June 30, 1881
Sarah stood by the parlor window, taking in the sights outside. The sun was making its slow but steady journey toward the horizon, and she could see the flickering glow of a few fireflies as they passed.
Returning to her seat at the sewing table, she lit a lamp. She still had to finish repairing the lace collar of her summer-weight party dress, and she knew that the waning light of day would be long gone before the task was completed. Gathering up the waves of sunny, yellow fabric, she positioned the lace and the collar beneath the foot of the sewing machine and began making her lock chain stitch.
A half an hour passed, with only the sound of the machine to break the silence. She'd removed the finished collar from the machine when she heard footsteps descending the stairs. Looking up from her stitching, she saw her father approaching.

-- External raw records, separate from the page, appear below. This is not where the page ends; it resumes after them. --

lemma Gamma_submodule:
  fixes M :: "('r, 'm) module"
  assumes M: "module R M" and a: "ideal a R"
  shows "submodule (Gamma R a M) R M"
proof -
  interpret module R M by fact
  have carr: "r \<in> carrier R" if "r \<in> ideal_pow R a n" for r n
    using that ideal_pow_subset_carrier[OF a] by blast
  show ?thesis
  proof (rule submoduleI)
    show "Gamma R a M \<subseteq> carrier M" by (rule Gamma_subset_carrier)
    show "\<zero>\<^bsub>M\<^esub> \<in> Gamma R a M"
      using carr by (intro GammaI[OF M a, of _ 0]) simp_all
  next
    fix x assume "x \<in> Gamma R a M"
    then obtain n where x: "x \<in> carrier M" and n: "\<forall>r\<in>ideal_pow R a n. r \<odot>\<^bsub>M\<^esub> x = \<zero>\<^bsub>M\<^esub>"
      by (rule GammaE)
    have "\<forall>r\<in>ideal_pow R a n. r \<odot>\<^bsub>M\<^esub> (\<ominus>\<^bsub>M\<^esub> x) = \<zero>\<^bsub>M\<^esub>"
      using x n carr by (simp add: smult_r_minus)
    then show "\<ominus>\<^bsub>M\<^esub> x \<in> Gamma R a M"
      using x by (intro GammaI[OF M a]) simp_all
  next
    fix x y assume xG: "x \<in> Gamma R a M" and yG: "y \<in> Gamma R a M"
    obtain n where x: "x \<in> carrier M" and n: "\<forall>r\<in>ideal_pow R a n. r \<odot>\<^bsub>M\<^esub> x = \<zero>\<^bsub>M\<^esub>"
      using xG by (rule GammaE)
    obtain m where y: "y \<in> carrier M" and m: "\<forall>r\<in>ideal_pow R a m. r \<odot>\<^bsub>M\<^esub> y = \<zero>\<^bsub>M\<^esub>"
      using yG by (rule GammaE)
    have "ideal_pow R a (max n m) \<subseteq> ideal_pow R a n \<inter> ideal_pow R a m"
      using ideal_pow_antimono[OF a] by simp
    then have "\<forall>r\<in>ideal_pow R a (max n m). r \<odot>\<^bsub>M\<^esub> (x \<oplus>\<^bsub>M\<^esub> y) = \<zero>\<^bsub>M\<^esub>"
      using x y n m carr by (auto simp: smult_r_distr subset_iff)
    then show "x \<oplus>\<^bsub>M\<^esub> y \<in> Gamma R a M"
      using x y by (intro GammaI[OF M a]) simp_all
  next
    fix s x assume s: "s \<in> carrier R" and "x \<in> Gamma R a M"
    then obtain n where x: "x \<in> carrier M" and n: "\<forall>r\<in>ideal_pow R a n. r \<odot>\<^bsub>M\<^esub> x = \<zero>\<^bsub>M\<^esub>"
      by (elim GammaE)
    have "r \<odot>\<^bsub>M\<^esub> (s \<odot>\<^bsub>M\<^esub> x) = \<zero>\<^bsub>M\<^esub>" if r: "r \<in> ideal_pow R a n" for r
    proof -
      have "r \<otimes>\<^bsub>R\<^esub> s \<in> ideal_pow R a n"
        using ideal.I_r_closed[OF ideal_pow_is_ideal[OF a] r s] .
      then show ?thesis
        using n s x carr[OF r] by (simp add: smult_assoc1[symmetric])
    qed
    then show "s \<odot>\<^bsub>M\<^esub> x \<in> Gamma R a M"
      using s x by (intro GammaI[OF M a, of _ n]) simp_all
  qed
qed

lemma lin_map_image_Gamma_subset:
  assumes "module R M" "module R N" "lin_map R M N f"
  shows "f ` Gamma R a M \<subseteq> Gamma R a N"
proof
  fix y assume "y \<in> f ` Gamma R a M"
  then obtain x n where y: "y = f x" and x: "x \<in> carrier M"
    and n: "ideal_pow R a n \<subseteq> annihilator R M x"
    unfolding Gamma_def by blast
  then have "ideal_pow R a n \<subseteq> annihilator R N y"
    using annihilator_subset_lin_map[OF assms x] by blast
  then show "y \<in> Gamma R a N"
    using assms(3) x y unfolding Gamma_def lin_map_def by blast
qed

lemma submodule_abelian_subgroup:
  assumes "module R M" "submodule N R M"
  shows "abelian_subgroup N M"
  using assms by (intro abelian_subgroupI3 additive_subgroup.intro)
    (simp_all add: submodule.axioms(1) module.axioms(2))

lemma a_rcosetsE:
  assumes "X \<in> a_rcosets\<^bsub>M\<^esub> N"
  obtains x where "x \<in> carrier M" "X = N +>\<^bsub>M\<^esub> x"
  using assms unfolding A_RCOSETS_def' by blast

lemma quot_module_simps:
  "carrier (quot_module M N) = a_rcosets\<^bsub>M\<^esub> N"
  "X \<oplus>\<^bsub>quot_module M N\<^esub> Y = X <+>\<^bsub>M\<^esub> Y"
  "\<zero>\<^bsub>quot_module M N\<^esub> = N"
  by (simp_all add: quot_module_def)

lemma quot_module_smult:
  assumes M: "module R M" and N: "submodule N R M" and r: "r \<in> carrier R" and x: "x \<in> carrier M"
  shows "r \<odot>\<^bsub>quot_module M N\<^esub> (N +>\<^bsub>M\<^esub> x) = N +>\<^bsub>M\<^esub> (r \<odot>\<^bsub>M\<^esub> x)"
proof -
  interpret module R M by fact
  interpret abelian_subgroup N M by (rule submodule_abelian_subgroup[OF M N])
  have "\<forall>y\<in>N +>\<^bsub>M\<^esub> x. N +>\<^bsub>M\<^esub> (r \<odot>\<^bsub>M\<^esub> y) = N +>\<^bsub>M\<^esub> (r \<odot>\<^bsub>M\<^esub> x)"
  proof
    fix y assume y: "y \<in> N +>\<^bsub>M\<^esub> x"
    have yc: "y \<in> carrier M" using a_elemrcos_carrier[OF x y] .
    have "r \<odot>\<^bsub>M\<^esub> (y \<oplus>\<^bsub>M\<^esub> \<ominus>\<^bsub>M\<^esub> x) \<in> N"
      using submodule.smult_closed[OF N r a_rcos_module_imp[OF x y]] .
    then have "r \<odot>\<^bsub>M\<^esub> y \<oplus>\<^bsub>M\<^esub> \<ominus>\<^bsub>M\<^esub> (r \<odot>\<^bsub>M\<^esub> x) \<in> N"
      using r x yc by (simp add: smult_r_distr smult_r_minus)
    then have "r \<odot>\<^bsub>M\<^esub> y \<in> N +>\<^bsub>M\<^esub> (r \<odot>\<^bsub>M\<^esub> x)"
      using r x yc by (simp add: a_rcos_module_rev)
    then show "N +>\<^bsub>M\<^esub> (r \<odot>\<^bsub>M\<^esub> y) = N +>\<^bsub>M\<^esub> (r \<odot>\<^bsub>M\<^esub> x)"
      using r x by (simp add: a_repr_independence')
  qed
  then have "(\<Union>y\<in>N +>\<^bsub>M\<^esub> x. N +>\<^bsub>M\<^esub> (r \<odot>\<^bsub>M\<^esub> y)) = N +>\<^bsub>M\<^esub> (r \<odot>\<^bsub>M\<^esub> x)"
    by (rule UN_constant_eq[OF a_rcos_self[OF x]])
  then show ?thesis
    unfolding quot_module_def by simp
qed

lemma quot_module_abelian_group:
  assumes "abelian_subgroup N M"
  shows "abelian_group (quot_module M N)"
proof -
  interpret abelian_subgroup N M by fact
  show ?thesis
  proof (rule abelian_groupI, unfold quot_module_simps)
    fix X Y assume "X \<in> a_rcosets\<^bsub>M\<^esub> N" "Y \<in> a_rcosets\<^bsub>M\<^esub> N"
    then obtain x y where "x \<in> carrier M" "X = N +>\<^bsub>M\<^esub> x" "y \<in> carrier M" "Y = N +>\<^bsub>M\<^esub> y"
      by (metis a_rcosetsE)
    then show "X <+>\<^bsub>M\<^esub> Y = Y <+>\<^bsub>M\<^esub> X"
      by (simp add: a_rcos_sum a_comm)
    show "\<exists>Y\<in>a_rcosets\<^bsub>M\<^esub> N. Y <+>\<^bsub>M\<^esub> X = N" if "X \<in> a_rcosets\<^bsub>M\<^esub> N" for X
      using a_setinv_closed[OF that] a_rcosets_inv_mult_group_eq[OF that] by blast
  qed (simp_all add: a_setmult_closed a_subgroup_in_rcosets a_rcosets_assoc rcosets_add_eq)
qed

"Did you finish your dress, dear?"
She nodded. "All that's left is to tie off the stitch. Should be ready in time for the party Saturday."
He waited, silently watching while she tied off the stitch.
"Something you need, Daddy?"
He stroked his salt and pepper beard. "Yes. Did you know Owen is still working?"
"I can hear him hammering, but I haven't been back there today." And she hadn't. She'd been too busy getting the house prepared for her mother's party. Even after all the preparations she and her sisters had made, she still felt they had a million more things to do.
"Take him a sandwich and a drink. It's the least we can do, with him working so hard to finish in time." George had settled into his favorite armchair, with a copy of the Fayetteville Observer.
Without being asked, she lit the lamp next to her father's chair so he could read by the soft glow. "Yes, sir." Although she didn't want to be bothered with Owen, she knew better than to question her father's edict. Leaving the two lamps lit, to be sure her father had enough light, she moved into the kitchen.
Since the rear of the house faced westward, she had the remaining sunlight to aid her in putting together a simple sandwich for Owen. She laid a few slices of roast chicken from the icebox between two slices of her mother's stoneground wheat bread, and placed it on a plate. Adding a cup of the lemonade Mary had made this morning, she took the simple meal outside.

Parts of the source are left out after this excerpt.